TASK STATEMENT
Could you give the data below again, exactly and completely?

Collected data:

━━━━━━━━

(* Let $T\ge 1$ and $\beta\in(0,1)$, and set $\gamma = \frac{1-\beta}{\beta}$. Let $\mathbf{x}$ be a random vector in $\mathbb{R}^T$ with probability density $p$ (with respect to Lebesgue measure) and $\mathbb{E}\|\mathbf{x}\|^2<\infty$. Let $q(\tilde{\mathbf{x}}\mid\mathbf{x})$ be a Markov kernel with a conditional density on $\mathbb{R}^T$. Generate the noisy observation $\tilde{\mathbf{x}}$ as follows: independently of $\mathbf{x}$, draw $B\sim\mathrm{Bernoulli}(\beta)$; if $B=1$ set $\tilde{\mathbf{x}}=\mathbf{x}$, and if $B=0$ draw $\tilde{\mathbf{x}}\sim q(\cdot\mid\mathbf{x})$. That is, the noise distribution is $$p(\tilde{\mathbf{x}}\mid\mathbf{x}) = \beta\,\delta(\tilde{\mathbf{x}}=\mathbf{x}) + (1-\beta)\,q(\tilde{\mathbf{x}}\mid\mathbf{x}).$$ Let $q(\tilde{\mathbf{x}}) = \int q(\tilde{\mathbf{x}}\mid\mathbf{x})\,p(\mathbf{x})\,d\mathbf{x}$ be the marginal density of the noisy data under $q$, let $q(\mathbf{x}\mid\tilde{\mathbf{x}}) = q(\tilde{\mathbf{x}}\mid\mathbf{x})p(\mathbf{x})/q(\tilde{\mathbf{x}})$ (defined where $q(\tilde{\mathbf{x}})>0$), and define $$g_\star(\tilde{\mathbf{x}}) = \mathbb{E}_{q(\mathbf{x}\mid\tilde{\mathbf{x}})}[\mathbf{x}] = \frac{\int \mathbf{x}\,q(\tilde{\mathbf{x}}\mid\mathbf{x})p(\mathbf{x})\,d\mathbf{x}}{q(\tilde{\mathbf{x}})},\qquad \omega(\tilde{\mathbf{x}}) = \frac{p(\tilde{\mathbf{x}})}{p(\tilde{\mathbf{x}})+\gamma\, q(\tilde{\mathbf{x}})}\in[0,1]$$ (where $p(\tilde{\mathbf{x}})$ denotes the data density $p$ evaluated at $\tilde{\mathbf{x}}$), on the set where $p(\tilde{\mathbf{x}})+\gamma q(\tilde{\mathbf{x}})>0$. Then, among all measurable functions $f:\mathbb{R}^T\to\mathbb{R}^T$ with $\mathbb{E}\|f(\tilde{\mathbf{x}})\|^2<\infty$, the expected squared error $$\mathbb{E}\big[(f(\tilde{\mathbf{x}})-\mathbf{x})^\top(f(\tilde{\mathbf{x}})-\mathbf{x})\big]$$ is minimized by $$f_\star(\tilde{\mathbf{x}}) = \omega(\tilde{\mathbf{x}})\,\tilde{\mathbf{x}} + \big(1-\omega(\tilde{\mathbf{x}})\big)\,g_\star(\tilde{\mathbf{x}}),$$ and any minimizer agrees with $f_\star$ almost everywhere with respect to the distribution of $\tilde{\mathbf{x}}$ (whose density is $\beta p + (1-\beta) q$).
   Context: Here $\delta(\tilde{\mathbf{x}}=\mathbf{x})$ denotes the Dirac point mass at $\mathbf{x}$, so the noise model is a mixture: with probability $\beta$ no corruption occurs, and with probability $1-\beta$ the observation is drawn from the corruption kernel $q(\cdot\mid\mathbf{x})$. The expectation in the objective is over the joint law of $(\mathbf{x},\tilde{\mathbf{x}})$ with $\mathbf{x}\sim p$ and $\tilde{\mathbf{x}}\sim p(\cdot\mid\mathbf{x})$. *)

theory Defs
  imports "HOL-Probability.Probability"
begin

text \<open>Pairs are (x, x~).\<close>
definition noisy_joint :: "real \<Rightarrow> ('a::euclidean_space \<Rightarrow> real) \<Rightarrow> ('a \<Rightarrow> 'a \<Rightarrow> real) \<Rightarrow> ('a \<times> 'a) measure" where
  "noisy_joint \<beta> p q =
     density lborel (\<lambda>x. ennreal (p x)) \<bind> (\<lambda>x.
       measure_pmf (bernoulli_pmf \<beta>) \<bind> (\<lambda>b.
         if b then return borel (x, x)
         else distr (density lborel (\<lambda>xt. ennreal (q x xt))) borel (\<lambda>xt. (x, xt))))"

definition q_marg :: "('a::euclidean_space \<Rightarrow> real) \<Rightarrow> ('a \<Rightarrow> 'a \<Rightarrow> real) \<Rightarrow> 'a \<Rightarrow> real" where
  "q_marg p q xt = (\<integral>x. q x xt * p x \<partial>lborel)"

definition g_star :: "('a::euclidean_space \<Rightarrow> real) \<Rightarrow> ('a \<Rightarrow> 'a \<Rightarrow> real) \<Rightarrow> 'a \<Rightarrow> 'a" where
  "g_star p q xt = (1 / q_marg p q xt) *\<^sub>R (\<integral>x. (q x xt * p x) *\<^sub>R x \<partial>lborel)"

━━━━━━━━

OUTPUT FOR THIS EXERCISE
(* Let $T\ge 1$ and $\beta\in(0,1)$, and set $\gamma = \frac{1-\beta}{\beta}$. Let $\mathbf{x}$ be a random vector in $\mathbb{R}^T$ with probability density $p$ (with respect to Lebesgue measure) and $\mathbb{E}\|\mathbf{x}\|^2<\infty$. Let $q(\tilde{\mathbf{x}}\mid\mathbf{x})$ be a Markov kernel with a conditional density on $\mathbb{R}^T$. Generate the noisy observation $\tilde{\mathbf{x}}$ as follows: independently of $\mathbf{x}$, draw $B\sim\mathrm{Bernoulli}(\beta)$; if $B=1$ set $\tilde{\mathbf{x}}=\mathbf{x}$, and if $B=0$ draw $\tilde{\mathbf{x}}\sim q(\cdot\mid\mathbf{x})$. That is, the noise distribution is $$p(\tilde{\mathbf{x}}\mid\mathbf{x}) = \beta\,\delta(\tilde{\mathbf{x}}=\mathbf{x}) + (1-\beta)\,q(\tilde{\mathbf{x}}\mid\mathbf{x}).$$ Let $q(\tilde{\mathbf{x}}) = \int q(\tilde{\mathbf{x}}\mid\mathbf{x})\,p(\mathbf{x})\,d\mathbf{x}$ be the marginal density of the noisy data under $q$, let $q(\mathbf{x}\mid\tilde{\mathbf{x}}) = q(\tilde{\mathbf{x}}\mid\mathbf{x})p(\mathbf{x})/q(\tilde{\mathbf{x}})$ (defined where $q(\tilde{\mathbf{x}})>0$), and define $$g_\star(\tilde{\mathbf{x}}) = \mathbb{E}_{q(\mathbf{x}\mid\tilde{\mathbf{x}})}[\mathbf{x}] = \frac{\int \mathbf{x}\,q(\tilde{\mathbf{x}}\mid\mathbf{x})p(\mathbf{x})\,d\mathbf{x}}{q(\tilde{\mathbf{x}})},\qquad \omega(\tilde{\mathbf{x}}) = \frac{p(\tilde{\mathbf{x}})}{p(\tilde{\mathbf{x}})+\gamma\, q(\tilde{\mathbf{x}})}\in[0,1]$$ (where $p(\tilde{\mathbf{x}})$ denotes the data density $p$ evaluated at $\tilde{\mathbf{x}}$), on the set where $p(\tilde{\mathbf{x}})+\gamma q(\tilde{\mathbf{x}})>0$. Then, among all measurable functions $f:\mathbb{R}^T\to\mathbb{R}^T$ with $\mathbb{E}\|f(\tilde{\mathbf{x}})\|^2<\infty$, the expected squared error $$\mathbb{E}\big[(f(\tilde{\mathbf{x}})-\mathbf{x})^\top(f(\tilde{\mathbf{x}})-\mathbf{x})\big]$$ is minimized by $$f_\star(\tilde{\mathbf{x}}) = \omega(\tilde{\mathbf{x}})\,\tilde{\mathbf{x}} + \big(1-\omega(\tilde{\mathbf{x}})\big)\,g_\star(\tilde{\mathbf{x}}),$$ and any minimizer agrees with $f_\star$ almost everywhere with respect to the distribution of $\tilde{\mathbf{x}}$ (whose density is $\beta p + (1-\beta) q$).
   Context: Here $\delta(\tilde{\mathbf{x}}=\mathbf{x})$ denotes the Dirac point mass at $\mathbf{x}$, so the noise model is a mixture: with probability $\beta$ no corruption occurs, and with probability $1-\beta$ the observation is drawn from the corruption kernel $q(\cdot\mid\mathbf{x})$. The expectation in the objective is over the joint law of $(\mathbf{x},\tilde{\mathbf{x}})$ with $\mathbf{x}\sim p$ and $\tilde{\mathbf{x}}\sim p(\cdot\mid\mathbf{x})$. *)

theory Defs
  imports "HOL-Probability.Probability"
begin

text \<open>Pairs are (x, x~).\<close>
definition noisy_joint :: "real \<Rightarrow> ('a::euclidean_space \<Rightarrow> real) \<Rightarrow> ('a \<Rightarrow> 'a \<Rightarrow> real) \<Rightarrow> ('a \<times> 'a) measure" where
  "noisy_joint \<beta> p q =
     density lborel (\<lambda>x. ennreal (p x)) \<bind> (\<lambda>x.
       measure_pmf (bernoulli_pmf \<beta>) \<bind> (\<lambda>b.
         if b then return borel (x, x)
         else distr (density lborel (\<lambda>xt. ennreal (q x xt))) borel (\<lambda>xt. (x, xt))))"

definition q_marg :: "('a::euclidean_space \<Rightarrow> real) \<Rightarrow> ('a \<Rightarrow> 'a \<Rightarrow> real) \<Rightarrow> 'a \<Rightarrow> real" where
  "q_marg p q xt = (\<integral>x. q x xt * p x \<partial>lborel)"

definition g_star :: "('a::euclidean_space \<Rightarrow> real) \<Rightarrow> ('a \<Rightarrow> 'a \<Rightarrow> real) \<Rightarrow> 'a \<Rightarrow> 'a" where
  "g_star p q xt = (1 / q_marg p q xt) *\<^sub>R (\<integral>x. (q x xt * p x) *\<^sub>R x \<partial>lborel)"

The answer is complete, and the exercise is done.